Introduction

Within arid environments, seed harvesting by ants is prevalent because of the high nutrition content of seeds and the lack of alternative forms of nutrients (Brown et al. 1979). Harvester ants (Pogonomyrmex spp.) have been shown to significantly impact the seed bank of preferred plant species, removing up to 100 % of preferred seed types (Crist and MacMahon 1992). Although harvester ants may passively disperse seeds by accidentally dropping them or discarding seeds outside of their nest (Detrain and Tasse 2000; Retana et al. 2004; Arnan et al. 2010), the overwhelming majority of seeds collected by harvester ants in the Pogonomyrmex genus are destroyed by being taken deep into their nest where they are either eaten or stored too deep underground to emerge (MacMahon et al. 2000), making this a primarily predatory interaction.

Several studies have shown that harvester ants preferentially harvest bigger seeds (Holder and Polis 1987), seeds with higher nutritional content (Kelrick et al. 1986), weaker seed coats (Rodgerson 1998), and seeds that are not infected by endophytic fungi (Knoch et al. 1993). Although ants preferentially select larger seeds, they have been shown to select seeds in proportion to their body size (Davidson 1977; Crist and MacMahon 1991). Furthermore, ants have been shown to be more selective of seed type over longer distances (Crist and MacMahon 1992), but not over shorter distances (Holder and Polis 1987), in accordance with optimal foraging theory (Schoener 1971).
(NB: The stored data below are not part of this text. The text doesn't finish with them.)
lemma arc_quasiconcave:
  assumes st: "real (Suc j) \<le> s" "s < t" "t < u" "u \<le> real arc_end"
  shows "min (side_prod (\<gamma> s)) (side_prod (\<gamma> u)) < side_prod (\<gamma> t)"
proof -
  define ws wt wu where "ws = \<gamma> s - I" and "wt = \<gamma> t - I" and "wu = \<gamma> u - I"
  have su: "cross2 ws wu < 0" and tu: "cross2 wt wu < 0" and "cross2 ws wt < 0"
    unfolding ws_def wt_def wu_def using arc_turns st by auto
  define \<alpha> \<beta> where "\<alpha> = cross2 wt wu / cross2 ws wu" and "\<beta> = cross2 ws wt / cross2 ws wu"
  have "\<alpha> > 0" "\<beta> > 0"
    unfolding \<alpha>_def \<beta>_def using su tu \<open>cross2 ws wt < 0\<close> by (simp_all add: divide_neg_neg)
  have wt: "wt = \<alpha> *\<^sub>R ws + \<beta> *\<^sub>R wu"
    unfolding \<alpha>_def \<beta>_def using cross2_decomp su by simp
  obtain k where k: "Suc j \<le> k" "k < arc_end" "real k \<le> t" "t \<le> real k + 1"
    using nat_floor_bracket[of "Suc j" t arc_end] st arc_end_facts by auto
  have "side k (\<gamma> r) = cross2 (\<gamma> r - I) (D k) + side k I" for r
    by (rule side_shift)
  then have "1 \<le> \<alpha> + \<beta>"
    using side_bdry_path_edge[OF k(3,4)] side_arc_edge_I_pos[OF k(1,2)]
      side_nonneg[OF bdry_path_in_polygon, of s k] side_nonneg[OF bdry_path_in_polygon, of u k] st
      \<open>\<alpha> > 0\<close> \<open>\<beta> > 0\<close>
    by (intro cross2_comb_sum_ge_1[OF wt, where c = "side k I" and d = "D k"]) (auto simp: ws_def wt_def wu_def)
  moreover have "side m (\<gamma> t) = \<alpha> * side m (\<gamma> s) + \<beta> * side m (\<gamma> u)" if "m = i \<or> m = j" for m
    using that arg_cong[OF wt, of "\<lambda>w. cross2 w (D m)"]
    unfolding ws_def wt_def wu_def by (auto simp: side_i_eq side_j_eq)
  moreover have "0 \<le> side m (\<gamma> s)" "0 \<le> side m (\<gamma> u)" for m
    using side_nonneg bdry_path_in_polygon st by auto
  moreover have "side j (\<gamma> s) * side i (\<gamma> u) < side i (\<gamma> s) * side j (\<gamma> u)"
    using su unfolding ws_def wu_def arc_order_iff .
  ultimately have "min (side j (\<gamma> s) * side i (\<gamma> s)) (side j (\<gamma> u) * side i (\<gamma> u))
      < side j (\<gamma> t) * side i (\<gamma> t)"
    using comb_product_gt_min[OF \<open>\<alpha> > 0\<close> \<open>\<beta> > 0\<close>, of "side j (\<gamma> s)" "side i (\<gamma> s)"
        "side j (\<gamma> u)" "side i (\<gamma> u)"]
    by simp
  then show ?thesis
    unfolding side_prod_def by (simp add: mult.commute)
qed

lemma bdry_path_arc_ends: "\<gamma> (real (Suc j)) = V (Suc j)" "\<gamma> (real arc_end) = V i"
proof -
  show "\<gamma> (real (Suc j)) = V (Suc j)"
    using bdry_path_edge[of "Suc j" "real (Suc j)"] by simp
  have "\<gamma> (real arc_end) = V (arc_end - 1) + D (arc_end - 1)"
    using bdry_path_edge[of "arc_end - 1" "real arc_end"] arc_end_facts by (simp add: of_nat_diff)
  also have "\<dots> = V arc_end"
    using D_eq[of "arc_end - 1"] arc_end_facts by simp
  finally show "\<gamma> (real arc_end) = V i"
    using arc_end_facts by simp
qed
Ant seed harvesting rate has been shown to be affected by distance and habitat structure. As distance from the mound increases seed removal rates decrease (Kelrick et al. 1986) and seed densities in the soil increase (Crist and MacMahon 1992). Vegetation influences such as the presence of cheatgrass (Ostoja et al. 2013) and shortgrass (Fewell 1988) have been shown to lower foraging rates in harvester ants, presumably due to the greater levels of interference associated with movement across densely vegetated habitat. Conversely, (i.e. the ground cover that impacts an ants journey to and from its harvesting area) with intermediate levels of vegetative cover have been shown to increase harvesting rates (Crist and Wiens 1994).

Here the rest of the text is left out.